WSO2 Open Banking: TPP On-boarding flow

Kasun Gajasinghe
3 min readMay 31, 2018

In this article, I’m going to brief the Third-party provider (TPP) onboarding flow of the WSO2 Open Banking solution. TPP onboarding refers to the process of registering an authorized TPP with a Bank to offer banking services over Open Banking specification.

First let me provide an overview of WSO2 Open Banking is. The WSO2 Open Banking solution is built on top of mature WSO2 API management and identity & access management products that has been in the market for over eight years. The WSO2 Open Banking provides compliance for Open Banking UK 1.1.0, and 2.0.0 (by mid-june) specifications. Support for Berlin and STET specification is on the way. The first customer deployment went to production on last January, and multiple deployments on dev/staging stages awaiting production.

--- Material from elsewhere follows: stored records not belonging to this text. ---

(* Let $\mathcal{A}$ be a finite abelian group. Then $$\Psi_{\mathcal{A}}(x)=\sum_{K\le\mathcal{A}}\mu(K)\left((1+x^2)^{\frac{|K|-|O_2(K)|-1}{2}}(1+x)^{|O_2(K)|}-1\right),$$ and hence $$\mathcal{E}(\mathcal{A})=\Psi_{\mathcal{A}}(1)=\sum_{K\le\mathcal{A}}\mu(K)\left(2^{\frac{|K|+|O_2(K)|-1}{2}}-1\right).$$
   Context: For a finite group $\mathcal{A}$ with identity $e$, let $G(\mathcal{A})=\{\Omega\subseteq\mathcal{A}:\Omega^{-1}=\Omega,\ \langle\Omega\rangle=\mathcal{A},\ e\notin\Omega\}$. For $k\ge1$ let $a_k(\mathcal{A})$ be the number of orbits of the inner automorphism group $\mathrm{Inn}(\mathcal{A})$ (acting by $\alpha\cdot\Omega=\alpha(\Omega)$) on $\{\Omega\in G(\mathcal{A}):|\Omega|=k\}$ (the number of equivalence classes of Cayley graphs of $\mathcal{A}$ of degree $k$); $\Psi_{\mathcal{A}}(x)=\sum_{k=1}^{|\mathcal{A}|-1}a_k(\mathcal{A})x^k$ and $\mathcal{E}(\mathcal{A})=\Psi_{\mathcal{A}}(1)$. For a subgroup $K$, $O_2(K)=\{g\in K:g^2=e,\ g\ne e\}$. The Möbius function $\mu$ on the subgroup lattice of $\mathcal{A}$ is defined recursively by $\sum_{H\ge K}\mu(H)=1$ if $K=\mathcal{A}$ and $=0$ if $K<\mathcal{A}$. *)

theory Defs
  imports "HOL-Algebra.Algebra"
begin

definition gen_sets :: "('a, 'b) monoid_scheme \<Rightarrow> 'a set set" where
  "gen_sets G = {\<Omega>. \<Omega> \<subseteq> carrier G \<and> (\<lambda>x. inv\<^bsub>G\<^esub> x) ` \<Omega> = \<Omega>
                     \<and> generate G \<Omega> = carrier G \<and> \<one>\<^bsub>G\<^esub> \<notin> \<Omega>}"

definition inner_aut :: "('a, 'b) monoid_scheme \<Rightarrow> 'a \<Rightarrow> 'a \<Rightarrow> 'a" where
  "inner_aut G g = (\<lambda>x. g \<otimes>\<^bsub>G\<^esub> x \<otimes>\<^bsub>G\<^esub> inv\<^bsub>G\<^esub> g)"

definition cayley_count :: "('a, 'b) monoid_scheme \<Rightarrow> nat \<Rightarrow> nat" where
  "cayley_count G k = card {{inner_aut G g ` \<Omega> | g. g \<in> carrier G} | \<Omega>.
                              \<Omega> \<in> gen_sets G \<and> card \<Omega> = k}"

definition Psi :: "('a, 'b) monoid_scheme \<Rightarrow> real \<Rightarrow> real" where
  "Psi G x = (\<Sum>k = 1..card (carrier G) - 1. real (cayley_count G k) * x ^ k)"

definition Ecount :: "('a, 'b) monoid_scheme \<Rightarrow> real" where
  "Ecount G = Psi G 1"

definition O2 :: "('a, 'b) monoid_scheme \<Rightarrow> 'a set \<Rightarrow> 'a set" where
  "O2 G K = {g \<in> K. g \<otimes>\<^bsub>G\<^esub> g = \<one>\<^bsub>G\<^esub> \<and> g \<noteq> \<one>\<^bsub>G\<^esub>}"

definition sg_mobius :: "('a, 'b) monoid_scheme \<Rightarrow> 'a set \<Rightarrow> int" where
  "sg_mobius G = (THE f. (\<forall>K. subgroup K G \<longrightarrow>
        (\<Sum>H\<in>{H. subgroup H G \<and> K \<subseteq> H}. f H) = (if K = carrier G then 1 else 0))
      \<and> (\<forall>K. \<not> subgroup K G \<longrightarrow> f K = 0))"

end

theory Submission
  imports Defs
begin

(* In an abelian group every inner automorphism is trivial, so the number
   a_k of equivalence classes of Cayley graphs of degree k is simply the number of
   generating sets in G(A) of size k, and Psi_A(x) is the generating polynomial of the
   non-empty sets in G(A).  For a subgroup K let P_K(x) be the generating polynomial of
   all inverse-closed subsets of K - {e}.  Such a subset is a union of "inverse pairs"
   {g, g^-1}; there are |O_2(K)| pairs of size 1 and (|K| - |O_2(K)| - 1)/2 pairs of
   size 2, whence P_K(x) = (1 + x^2)^((|K|-|O_2(K)|-1)/2) (1 + x)^|O_2(K)|.  Grouping the
   subsets of K by the subgroup they generate gives P_K = sum_{H <= K} F_H, where F_H
   counts inverse-closed subsets generating exactly H, and Moebius inversion on the
   subgroup lattice yields F_A = sum_K mu(K) P_K.  Since sum_K mu(K) is 1 exactly for the
   trivial group, whose only inverse-closed generating set is empty, this gives the
   formula for Psi. *)

section \<open>The Moebius function of the subgroup lattice\<close>

lemma finite_subgroups:
  "finite (carrier G) \<Longrightarrow> finite {H. subgroup H G \<and> P H}"
  by (rule finite_subset[of _ "Pow (carrier G)"]) (auto dest: subgroup.subset)

text \<open>Passing to a strictly larger subgroup decreases the index measure; this is the
  well-founded order behind both the recursive definition and the uniqueness proof.\<close>

lemma subgroup_psubset_measure:
  assumes "finite (carrier G)" "subgroup H G" "K \<subset> H"
  shows "card (carrier G) - card H < card (carrier G) - card K"
proof -
  have H: "H \<subseteq> carrier G" using assms(2) by (rule subgroup.subset)
  then have "card K < card H" using assms by (meson psubset_card_mono finite_subset)
  moreover have "card H \<le> card (carrier G)" using H assms(1) by (rule card_mono[rotated])
  ultimately show ?thesis by linarith
qed

function mobius_rec :: "('a,'b) monoid_scheme \<Rightarrow> 'a set \<Rightarrow> int" where
  "mobius_rec G K = (if subgroup K G \<and> finite (carrier G) then
      (if K = carrier G then 1 else 0) - (\<Sum>H\<in>{H. subgroup H G \<and> K \<subset> H}. mobius_rec G H)
    else 0)"
  by auto
termination
  by (relation "measure (\<lambda>(G,K). card (carrier G) - card K)")
     (auto intro: subgroup_psubset_measure)

declare mobius_rec.simps[simp del]

definition is_subgroup_mobius :: "('a,'b) monoid_scheme \<Rightarrow> ('a set \<Rightarrow> int) \<Rightarrow> bool" where
  "is_subgroup_mobius G f \<longleftrightarrow> (\<forall>K. subgroup K G \<longrightarrow>
        (\<Sum>H\<in>{H. subgroup H G \<and> K \<subseteq> H}. f H) = (if K = carrier G then 1 else 0))
      \<and> (\<forall>K. \<not> subgroup K G \<longrightarrow> f K = 0)"

lemma sum_supergroups_split:
  assumes "finite (carrier G)" "subgroup K G"
  shows "(\<Sum>H\<in>{H. subgroup H G \<and> K \<subseteq> H}. f H)
         = f K + (\<Sum>H\<in>{H. subgroup H G \<and> K \<subset> H}. f H)"
proof -
  have "{H. subgroup H G \<and> K \<subseteq> H} = insert K {H. subgroup H G \<and> K \<subset> H}"
    using assms by auto
  then show ?thesis using finite_subgroups[OF assms(1)] by simp
qed

text \<open>The recursion is exactly the defining property, so a Moebius function exists ...\<close>

lemma mobius_rec_is_mobius:
  "finite (carrier G) \<Longrightarrow> is_subgroup_mobius G (mobius_rec G)"
  unfolding is_subgroup_mobius_def
proof (intro conjI allI impI)
  fix K assume "finite (carrier G)" "subgroup K G"
  then show "(\<Sum>H\<in>{H. subgroup H G \<and> K \<subseteq> H}. mobius_rec G H) = (if K = carrier G then 1 else 0)"
    by (simp add: sum_supergroups_split mobius_rec.simps[of G K])
next
  fix K assume "\<not> subgroup K G"
  then show "mobius_rec G K = 0" by (simp add: mobius_rec.simps)
qed

text \<open>... and it is unique, by induction on the index measure.\<close>

lemma subgroup_mobius_unique:
  assumes fin: "finite (carrier G)"
    and f: "is_subgroup_mobius G f" and g: "is_subgroup_mobius G g"
  shows "f K = g K"
proof (induction "card (carrier G) - card K" arbitrary: K rule: less_induct)
  case less
  show ?case
  proof (cases "subgroup K G")
    case False
    then show ?thesis using f g by (simp add: is_subgroup_mobius_def)
  next
    case K: True
    have "(\<Sum>H\<in>{H. subgroup H G \<and> K \<subset> H}. f H) = (\<Sum>H\<in>{H. subgroup H G \<and> K \<subset> H}. g H)"
      using less subgroup_psubset_measure[OF fin] by (intro sum.cong) auto
    moreover have "f K + (\<Sum>H\<in>{H. subgroup H G \<and> K \<subset> H}. f H)
                 = g K + (\<Sum>H\<in>{H. subgroup H G \<and> K \<subset> H}. g H)"
      using f g K unfolding is_subgroup_mobius_def sum_supergroups_split[OF fin K, symmetric]
      by simp
    ultimately show ?thesis by simp
  qed
qed

text \<open>Consequently the definite description in sg_mobius denotes the Moebius function.\<close>

lemma sg_mobius_is_mobius:
  assumes "finite (carrier G)"
  shows "is_subgroup_mobius G (sg_mobius G)"
proof -
  have "sg_mobius G = mobius_rec G"
    unfolding sg_mobius_def is_subgroup_mobius_def[symmetric]
    using mobius_rec_is_mobius[OF assms] subgroup_mobius_unique[OF assms]
    by (intro the_equality) auto
  then show ?thesis using mobius_rec_is_mobius[OF assms] by simp
qed

context group begin

lemma finite_subgroup: "finite (carrier G) \<Longrightarrow> subgroup K G \<Longrightarrow> finite K"
  by (meson finite_subset subgroup.subset)

lemma sum_mobius_supergroups:
  assumes "finite (carrier G)" "subgroup H G"
  shows "(\<Sum>K\<in>{K. subgroup K G \<and> H \<subseteq> K}. of_int (sg_mobius G K) :: 'c::comm_ring_1)
         = (if H = carrier G then 1 else 0)"
proof -
  have "(\<Sum>K\<in>{K. subgroup K G \<and> H \<subseteq> K}. sg_mobius G K) = (if H = carrier G then 1 else 0)"
    using sg_mobius_is_mobius[OF assms(1)] assms(2) unfolding is_subgroup_mobius_def by blast
  then show ?thesis by (simp flip: of_int_sum)
qed

text \<open>The sum of all values of the Moebius function is 1 for the trivial group and 0
  otherwise; this accounts for the constant terms in the formula.\<close>

lemma sum_mobius:
  assumes "finite (carrier G)"
  shows "(\<Sum>K\<in>{K. subgroup K G}. of_int (sg_mobius G K) :: 'c::comm_ring_1)
         = (if carrier G = {\<one>} then 1 else 0)"
proof -
  have "{K. subgroup K G \<and> {\<one>} \<subseteq> K} = {K. subgroup K G}"
    using subgroup.one_closed by blast
  then show ?thesis
    using sum_mobius_supergroups[OF assms triv_subgroup, where 'c = 'c] by (simp add: eq_commute)
qed

lemma mobius_inversion:
  fixes F P :: "'a set \<Rightarrow> 'c::comm_ring_1"
  assumes fin: "finite (carrier G)"
    and P: "\<And>K. subgroup K G \<Longrightarrow> P K = (\<Sum>H\<in>{H. subgroup H G \<and> H \<subseteq> K}. F H)"
  shows "(\<Sum>K\<in>{K. subgroup K G}. of_int (sg_mobius G K) * P K) = F (carrier G)"
proof -
  let ?Sg = "{K. subgroup K G}" and ?\<mu> = "\<lambda>K. of_int (sg_mobius G K) :: 'c"
  have finSg: "finite ?Sg" using finite_subgroups[OF fin, of "\<lambda>_. True"] by simp
  have "(\<Sum>K\<in>?Sg. ?\<mu> K * P K) = (\<Sum>K\<in>?Sg. \<Sum>H\<in>{H\<in>?Sg. H \<subseteq> K}. ?\<mu> K * F H)"
    by (intro sum.cong) (simp_all add: P sum_distrib_left)
  also have "\<dots> = (\<Sum>H\<in>?Sg. \<Sum>K\<in>{K\<in>?Sg. H \<subseteq> K}. ?\<mu> K * F H)"
    by (rule sum.swap_restrict[OF finSg finSg])
  also have "\<dots> = (\<Sum>H\<in>?Sg. if H = carrier G then F H else 0)"
    by (intro sum.cong)
       (simp_all add: sum_distrib_right[symmetric] sum_mobius_supergroups[OF fin])
  also have "\<dots> = F (carrier G)"
    using finSg subgroup_self by (simp add: sum.delta)
  finally show ?thesis .
qed

end

section \<open>Counting inverse-closed subsets\<close>

lemma sum_power_card_Union_Pow:
  fixes x :: "'c::comm_semiring_1"
  assumes fin: "finite \<F>" and disj: "disjoint \<F>" and fin_mem: "\<And>A. A \<in> \<F> \<Longrightarrow> finite A"
  shows "(\<Sum>T\<in>Pow \<F>. x ^ card (\<Union>T)) = (\<Prod>A\<in>\<F>. x ^ card A + 1)"
proof -
  have "x ^ card (\<Union>T) = (\<Prod>A\<in>T. x ^ card A) * (\<Prod>A\<in>\<F> - T. 1)" if "T \<in> Pow \<F>" for T
  proof -
    have "card (\<Union>T) = sum card T"
      using that by (intro card_Union_disjoint pairwise_subset[OF disj]) (auto intro: fin_mem)
    moreover have "finite T" using that fin finite_subset by auto
    ultimately show ?thesis by (simp add: power_sum)
  qed
  then have "(\<Sum>T\<in>Pow \<F>. x ^ card (\<Union>T))
             = (\<Sum>T\<in>Pow \<F>. (\<Prod>A\<in>T. x ^ card A) * (\<Prod>A\<in>\<F> - T. 1))"
    by (rule sum.cong[OF refl])
  also have "\<dots> = (\<Prod>A\<in>\<F>. x ^ card A + 1)"
    by (rule prod_add[OF fin, symmetric])
  finally show ?thesis .
qed

lemma inj_on_Union_Pow:
  assumes disj: "disjoint \<F>" and nonempty: "{} \<notin> \<F>"
  shows "inj_on Union (Pow \<F>)"
proof -
  have sub: "T \<subseteq> T'" if T: "T \<subseteq> \<F>" "T' \<subseteq> \<F>" and eq: "\<Union>T = \<Union>T'" for T T'
  proof
    fix A assume A: "A \<in> T"
    have "A \<noteq> {}" using A T(1) nonempty by blast
    then obtain a where a: "a \<in> A" by blast
    then obtain A' where A': "A' \<in> T'" "a \<in> A'" using A eq by blast
    then have "A = A'" using disj A a T unfolding pairwise_def disjnt_def by blast
    then show "A \<in> T'" using A' by simp
  qed
  show ?thesis
  proof (rule inj_onI)
    fix T T' assume "T \<in> Pow \<F>" "T' \<in> Pow \<F>" "\<Union>T = \<Union>T'"
    then show "T = T'" using sub[of T T'] sub[of T' T] by auto
  qed
qed

lemma (in comm_monoid_set) split_card_one_two:
  assumes fin: "finite \<F>" and sizes: "\<And>A. A \<in> \<F> \<Longrightarrow> card A = 1 \<or> card A = 2"
  shows "F g \<F> = F g {A \<in> \<F>. card A = 1} \<^bold>* F g {A \<in> \<F>. card A = 2}"
proof -
  let ?\<F>1 = "{A \<in> \<F>. card A = 1}" and ?\<F>2 = "{A \<in> \<F>. card A = 2}"
  have "\<F> = ?\<F>1 \<union> ?\<F>2" using sizes by blast
  then have "F g \<F> = F g (?\<F>1 \<union> ?\<F>2)" by (rule arg_cong)
  also have "\<dots> = F g ?\<F>1 \<^bold>* F g ?\<F>2"
  proof (rule union_disjoint)
    show "?\<F>1 \<inter> ?\<F>2 = {}" by auto
  qed (simp_all add: fin)
  finally show ?thesis .
qed

context group begin

definition sym_subsets :: "'a set \<Rightarrow> 'a set set" where
  "sym_subsets K = {\<Omega>. \<Omega> \<subseteq> K \<and> (\<lambda>g. inv g) ` \<Omega> = \<Omega> \<and> \<one> \<notin> \<Omega>}"

text \<open>The inverse pairs {g, g^-1} of the non-identity elements of K; every
  inverse-closed subset of K - {e} is a union of such pairs.\<close>

definition inverse_pairs :: "'a set \<Rightarrow> 'a set set" where
  "inverse_pairs K = (\<lambda>g. {g, inv g}) ` (K - {\<one>})"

WSO2 Open Banking solution provides a developer portal for TPPs to discover and subscribe to APIs. This is built on top of the API Store portal of the WSO2 API Manager. So, if you have used API-M before, this will feel like a familiar UX. To onboard, interested TPPs has to follow below steps:

WSO2 Open Banking : TPP Registration flow

How it works

  1. Fill the registration form

The TPP has to pick a username/password, and provide its company and competent authority (CA) registration details. Finally, TPP should select the open banking roles it is entitled to use. There are three roles:

  • Account Servicing Payment Service Provider (ASPSP)
  • Account Information Service Provider (AISP)
  • Payment Information Service Provider (PISP)

TPP should only select the roles it has been authorized by the CA.

Each registration should be approved by an administrator with ‘admin’ permission via the API-M admin dashboard. This is an optional step if the bank has its own workflow, and does not need to leverage WSO2 built-in workflows. Once approved, the TPP can create an application, and subscribe to APIs for his use. Underneath, this operation creates an OAuth2 application for you which has two-factor inbound authentication enabled by default for Strong Customer Authentication (SCA). It has basic credential validation, and SMS-OTP authenticator as the two factors. There are over 30 different authenticators a bank can choose to use.

2. Await approval from a bank admin

The TPP registration process need to be highly regulated. Therefore, each and every sign-up request need to be approved by a bank admin. The bank admin can use the OB API-M’s admin dashboard for this purpose (/admin). It leverages BPEL workflows feature provided by the WSO2 Enterprise Integrator’s business-process profile.

3. Create an Application, and subscribe to APIs

If the TPP is approved, it can go ahead and create an virtual application to represent its application. User just need to provide a name and the application-level throttling it prefers. TPP can subscribe to the APIs it is entitled to using this application.

4. Provide the TPPs public X.509 certificate to bank

For JWT based client assertion, the bank need to have the TPPs public certificate in its trust store. This is a mandatory step for Open Banking UK 2.0.0 specification. Currently, this is an offline process. TPP need to provide the public certificate bank portal admins over email or any other mechanism.

5. Generate OAuth2 access keys

The outcome of this entire process for the TPP is an OAuth2 clientId and a clientSecret.

The clientId and clientSecret are TPPs access credentials. It can use these to generate an application token, and then create account requests and payment requests.

In a later article, I’ll discuss how a TPP can use its OAuth2 access credentials to generate an application token, and use that to create account requests and payment requests.